Should LLM tech be used optimize the Gramps Weblate glossary

The Weblate glossary for Gramps has grown to over 13 thousand strings. It seems like that should be sufficient to communicate most concepts. Yet the glossary continues to grow. (When I recall checking the count last year, wasn’t it around 8 thousand?)

Should there be a new part of the source validation process that compares translatable strings to the existing strings? Where it finds new entries and recommends a possible equivalent string from the existing glossary?

Another LLM process might be to find phrases that are re-wordings of each other. Where it could recommend consolidations.

When looking at the “components” breakdown, the string counts look more like what I had recalled:

  • Gramps 7.2k strings
  • Addons 5.2k strings
  • Web (GrampsWeb) 227 strings
  • Glossary 680 strings

In theory this is a good idea as long as the processes that are used are able to understand the semantics of the strings in question.
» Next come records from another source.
lemma integral_norm_score_sq:
  "(\<integral>x. (norm (score H \<rho> i x))\<^sup>2 \<partial>Wcond H \<rho> i) = single_sample_risk H \<rho> i"
proof -
  interpret W: prob_space "Wcond H \<rho> i"
    by (rule prob_space_Wcond)
  define A where "A = matrix_inv (Sig \<rho>)"
  define g where "g = gam H i"
  have "(\<integral>x. (norm (A *v x))\<^sup>2 \<partial>Wcond H \<rho> i) = (\<integral>x. trace (A ** ((1 + g \<bullet> x) *\<^sub>R outer x x) ** A) \<partial>\<rho>)"
    using Sig_inv_symmetric
    by (simp add: integral_Wcond continuous_intros g_def A_def power2_norm_eq_inner
        linear_cmul[OF linear_trace_mult_mult] trace_mult_outer_mult)
  also have "\<dots> = trace (A ** Bmat H \<rho> i ** A)"
    unfolding Bmat_def g_def
    by (rule integral_linear[OF linear_trace_mult_mult]) (intro integrable_continuous continuous_intros)
  finally have second_moment: "(\<integral>x. (norm (A *v x))\<^sup>2 \<partial>Wcond H \<rho> i) = trace (A ** Bmat H \<rho> i ** A)" .
  have "A *v integral\<^sup>L (Wcond H \<rho> i) (\<lambda>x. x) = g"
    by (simp add: integral_Wcond_id A_def g_def matrix_vector_mul_assoc matrix_inv_left[OF invertible_Sig])
  moreover have "integral\<^sup>L (Wcond H \<rho> i) (\<lambda>x. A *v x) = A *v integral\<^sup>L (Wcond H \<rho> i) (\<lambda>x. x)"
    by (rule integral_linear[OF matrix_vector_mul_linear integrable_Wcond[OF continuous_on_id]])
  ultimately have cross_term: "(\<integral>x. g \<bullet> (A *v x) \<partial>Wcond H \<rho> i) = g \<bullet> g"
    by (simp add: integrable_Wcond continuous_intros)
  have integrable_terms: "integrable (Wcond H \<rho> i) (\<lambda>x. (norm (A *v x))\<^sup>2)"
    "integrable (Wcond H \<rho> i) (\<lambda>x. g \<bullet> (A *v x))"
    by (auto intro!: integrable_Wcond continuous_intros)
  have "(\<integral>x. (norm (score H \<rho> i x))\<^sup>2 \<partial>Wcond H \<rho> i)
      = (\<integral>x. (norm (A *v x))\<^sup>2 - 2 * (g \<bullet> (A *v x)) + g \<bullet> g \<partial>Wcond H \<rho> i)"
    by (simp add: score_def A_def g_def power2_norm_eq_inner inner_diff_left inner_diff_right
        inner_commute algebra_simps)
  also have "\<dots> = trace (A ** Bmat H \<rho> i ** A) - g \<bullet> g"
    using integrable_terms by (simp add: Bochner_Integration.integral_add Bochner_Integration.integral_diff
        second_moment cross_term W.prob_space)
  finally show ?thesis
    by (simp add: single_sample_risk_def A_def g_def inner_gam_self)
qed

lemma sum_single_sample_risk:
  "(\<Sum>i\<in>UNIV. single_sample_risk H \<rho> i)
     = real CARD('d) * (trace (matrix_inv (Sig \<rho>)) - (real CARD('d) - 1) / real CARD('d))"
proof -
  have "(\<Sum>i\<in>UNIV. trace (matrix_inv (Sig \<rho>) ** Bmat H \<rho> i ** matrix_inv (Sig \<rho>)))
      = real CARD('d) * trace (matrix_inv (Sig \<rho>))"
    by (simp add: linear_sum[OF linear_trace_mult_mult, symmetric] sum_Bmat
        linear_cmul[OF linear_trace_mult_mult] matrix_inv_left[OF invertible_Sig])
  then show ?thesis
    by (simp add: single_sample_risk_def sum_subtractf right_diff_distrib)
qed

end

lemma sum_over_composition:
  fixes F :: "'d::finite \<Rightarrow> 'v::real_vector"
  assumes "composition n \<theta> c"
  shows "(\<Sum>m<n. F (c m)) = (\<Sum>i\<in>UNIV. (real n * \<theta>$i) *\<^sub>R F i)"
proof -
  have "(\<Sum>m<n. F (c m)) = (\<Sum>i\<in>UNIV. \<Sum>m\<in>{m. m \<in> {..<n} \<and> c m = i}. F (c m))"
    by (rule sum.group[symmetric]) auto
  also have "\<dots> = (\<Sum>i\<in>UNIV. real (card {m. m < n \<and> c m = i}) *\<^sub>R F i)"
    by (rule sum.cong) (auto simp: sum_constant_scaleR)
  finally show ?thesis
    using assms by (simp add: composition_def)
qed

lemma composition_exists:
  fixes \<theta> :: "real^'d"
  assumes "admissible n \<theta>"
  shows "\<exists>c. composition n \<theta> c"
proof -
  have "\<exists>k::nat. real k = real n * \<theta>$i" for i
  proof -
    have "real n * \<theta>$i \<in> \<int>"
      using assms by (simp add: admissible_def)
    then obtain z where "real n * \<theta>$i = of_int z"
      by (rule Ints_cases)
    moreover have "0 \<le> real n * \<theta>$i"
      using assms by (simp add: admissible_def)
    ultimately show ?thesis
      by (intro exI[of _ "nat z"]) simp
  qed
  then obtain k where k: "\<And>i. real (k i) = real n * \<theta>$i"
    by metis
  obtain ds where "set ds = (UNIV :: 'd set)" and "distinct ds"
    using finite_distinct_list[OF finite] by blast
  define xs where "xs = concat (map (\<lambda>i. replicate (k i) i) ds)"
  have count_replicate: "length (filter (\<lambda>x. x = i) (replicate m j)) = (if j = i then m else 0)"
    for i j m
    by (induction m) auto
  have count: "length (filter (\<lambda>x. x = i) xs) = k i" for i
    using \<open>set ds = UNIV\<close> \<open>distinct ds\<close>
    by (simp add: xs_def filter_concat length_concat comp_def sum_list_distinct_conv_sum_set
        count_replicate)
  have "real (length xs) = (\<Sum>i\<in>UNIV. real n * \<theta>$i)"
    using \<open>set ds = UNIV\<close> \<open>distinct ds\<close>
    by (simp add: xs_def length_concat comp_def sum_list_distinct_conv_sum_set flip: k)
  then have "length xs = n"
    using assms by (simp add: admissible_def flip: sum_distrib_left)
  then have "card {m. m < n \<and> xs ! m = i} = k i" for i
    using count[of i] by (simp add: length_filter_conv_card)
  then have "composition n \<theta> (\<lambda>m. xs ! m)"
    by (simp add: composition_def k)
  then show ?thesis
    by blast
qed
lemma finite_opt_sets: "finite (opt_sets L)"
proof -
  let ?active = "\<lambda>u y. active_pieces (A y) u"
  have "range ?active \<subseteq> Pi\<^sub>E UNIV (\<lambda>y. Pow (A y))"
    by (auto simp: active_pieces_def PiE_UNIV_domain)
  then have "finite (range ?active)"
    by (rule finite_subset) (simp add: finite_PiE finite_pieces)
  moreover have "opt_sets L \<subseteq> {U. \<forall>u \<in> U. \<forall>v. ?active v = ?active u \<longrightarrow> v \<in> U}"
  proof (intro subsetI CollectI ballI allI impI)
    fix U u v assume "U \<in> opt_sets L" "u \<in> U" and same: "?active v = ?active u"
    then obtain p where U: "U = elicited L p" by (auto simp: opt_sets_def)
    have "\<And>y. active_pieces (A y) v = active_pieces (A y) u" using same by (simp add: fun_eq_iff)
    with \<open>u \<in> U\<close> show "v \<in> U" unfolding U by (rule elicited_respects_active_pieces)
  qed
  ultimately show ?thesis using finite_saturated_sets finite_subset by blast
qed

lemma exp_loss_max_affine:
  assumes nonneg: "\<And>y. 0 \<le> p y"
  shows "\<exists>B. finite B \<and> B \<noteq> {} \<and> (\<forall>u. exp_loss L p u = max_affine B u)"
proof -
  define mix :: "('y \<Rightarrow> (real^'d) \<times> real) \<Rightarrow> (real^'d) \<times> real" where
    "mix s = (\<Sum>y\<in>UNIV. p y *\<^sub>R fst (s y), \<Sum>y\<in>UNIV. p y * snd (s y))" for s
  have mix_value: "fst (mix s) \<bullet> u + snd (mix s) = (\<Sum>y\<in>UNIV. p y * (fst (s y) \<bullet> u + snd (s y)))" for s u
    by (simp add: mix_def inner_sum_left distrib_left sum.distrib)
  define B where "B = mix ` Pi\<^sub>E UNIV A"
  have "finite B" unfolding B_def using finite_pieces by (simp add: finite_PiE)
  moreover have "B \<noteq> {}" unfolding B_def using pieces_nonempty by (simp add: PiE_eq_empty_iff)
  moreover have "exp_loss L p u = max_affine B u" for u
  proof (rule antisym)
    have "\<forall>y. \<exists>z. z \<in> active_pieces (A y) u"
      using active_pieces_nonempty[OF finite_pieces pieces_nonempty] by blast
    then obtain s where active: "\<And>y. s y \<in> active_pieces (A y) u" by metis
    have "s y \<in> A y" and "fst (s y) \<bullet> u + snd (s y) = L u y" for y
      using active[of y] unfolding active_pieces_def loss_eq by (cases "s y"; simp)+
    then have "s \<in> Pi\<^sub>E UNIV A" by (simp add: PiE_UNIV_domain)
    have "exp_loss L p u = fst (mix s) \<bullet> u + snd (mix s)"
      by (simp add: mix_value exp_loss_def \<open>\<And>y. fst (s y) \<bullet> u + snd (s y) = L u y\<close>)
    also have "\<dots> \<le> max_affine B u"
      using \<open>s \<in> Pi\<^sub>E UNIV A\<close> \<open>finite B\<close> by (intro max_affine_ge) (auto simp: B_def)
    finally show "exp_loss L p u \<le> max_affine B u" .
    have "fst (mix s) \<bullet> u + snd (mix s) \<le> exp_loss L p u" if "s \<in> Pi\<^sub>E UNIV A" for s
      unfolding mix_value exp_loss_def loss_eq
      using that finite_pieces nonneg by (intro sum_mono mult_left_mono max_affine_ge) (auto simp: PiE_UNIV_domain)
    then have "\<forall>(a, b) \<in> B. a \<bullet> u + b \<le> exp_loss L p u"
      unfolding B_def by (simp add: case_prod_beta)
    then show "max_affine B u \<le> exp_loss L p u"
      by (simp add: max_affine_le_iff[OF \<open>finite B\<close> \<open>B \<noteq> {}\<close>])
  qed
  ultimately show ?thesis by blast
qed

lemma opt_sets_polyhedral:
  assumes "U \<in> opt_sets L"
  shows "\<exists>C. finite C \<and> U = inequality_set C"
proof -
  obtain p where "p \<in> prob_simplex" and U: "U = elicited L p"
    using assms unfolding opt_sets_def by blast
  then obtain B where "finite B" "B \<noteq> {}" and E: "\<And>u. exp_loss L p u = max_affine B u"
    using exp_loss_max_affine unfolding prob_simplex_def by blast
  show ?thesis
  proof (cases "U = {}")
    case True
    then have "U = inequality_set {(0, -1)}" by (simp add: inequality_set_def)
    then show ?thesis by blast
  next
    case False
    then obtain u0 where "u0 \<in> U" by blast
    let ?m = "max_affine B u0"
    have "U = {u. max_affine B u \<le> ?m}"
      using \<open>u0 \<in> U\<close> unfolding U elicited_def E by (auto intro: order_trans)
    also have "\<dots> = inequality_set ((\<lambda>(a, b). (a, ?m - b)) ` B)"
      using \<open>finite B\<close> \<open>B \<noteq> {}\<close> by (auto simp: max_affine_le_iff inequality_set_def)
    finally show ?thesis using \<open>finite B\<close> by blast
  qed
qed

end

lemma polyhedral_loss_imp_max_affine_loss:
  assumes "polyhedral_loss L"
  obtains A where "max_affine_loss L A"
proof -
  have "\<forall>y. \<exists>B. finite B \<and> B \<noteq> {} \<and> (\<forall>u. L u y = max_affine B u)"
    using assms unfolding polyhedral_loss_def max_affine_def by blast
  then obtain A where "\<And>y. finite (A y) \<and> A y \<noteq> {} \<and> (\<forall>u. L u y = max_affine (A y) u)"
    by metis
  then have "max_affine_loss L A" by unfold_locales auto
  with that show ?thesis .
qed

lemma link_envelope_nonempty_at_common_point:
  assumes "indirectly_elicits L \<gamma>"
    and common: "\<And>U. U \<in> opt_sets L \<Longrightarrow> \<exists>v \<in> U. infnorm (v - u) < \<epsilon> \<Longrightarrow> w \<in> U"
  shows "link_envelope L \<gamma> \<epsilon> u \<noteq> {}"
proof -
  obtain r where r: "elicited_level L w \<subseteq> level_set \<gamma> r"
    using assms(1) unfolding indirectly_elicits_def by blast
  have "r \<in> link_envelope L \<gamma> \<epsilon> u"
    using common r by (fastforce simp: link_envelope_def reports_for_def cell_def elicited_level_def)
  then show ?thesis by blast
qed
Within Gramps core code de-duplicating strings makes, since it would promote consistency. In the addons repo it may not be easy since addon authors might want more autonomy to change strings without affecting all other addons.

Semantic context is an interesting point. Does Weblate provide such context for translators?

Noticed some strings are duplicated with a numeration annotation. Does that mean that th string requires different translation sometimes?

This topic was automatically closed 30 days after the last reply. New replies are no longer allowed.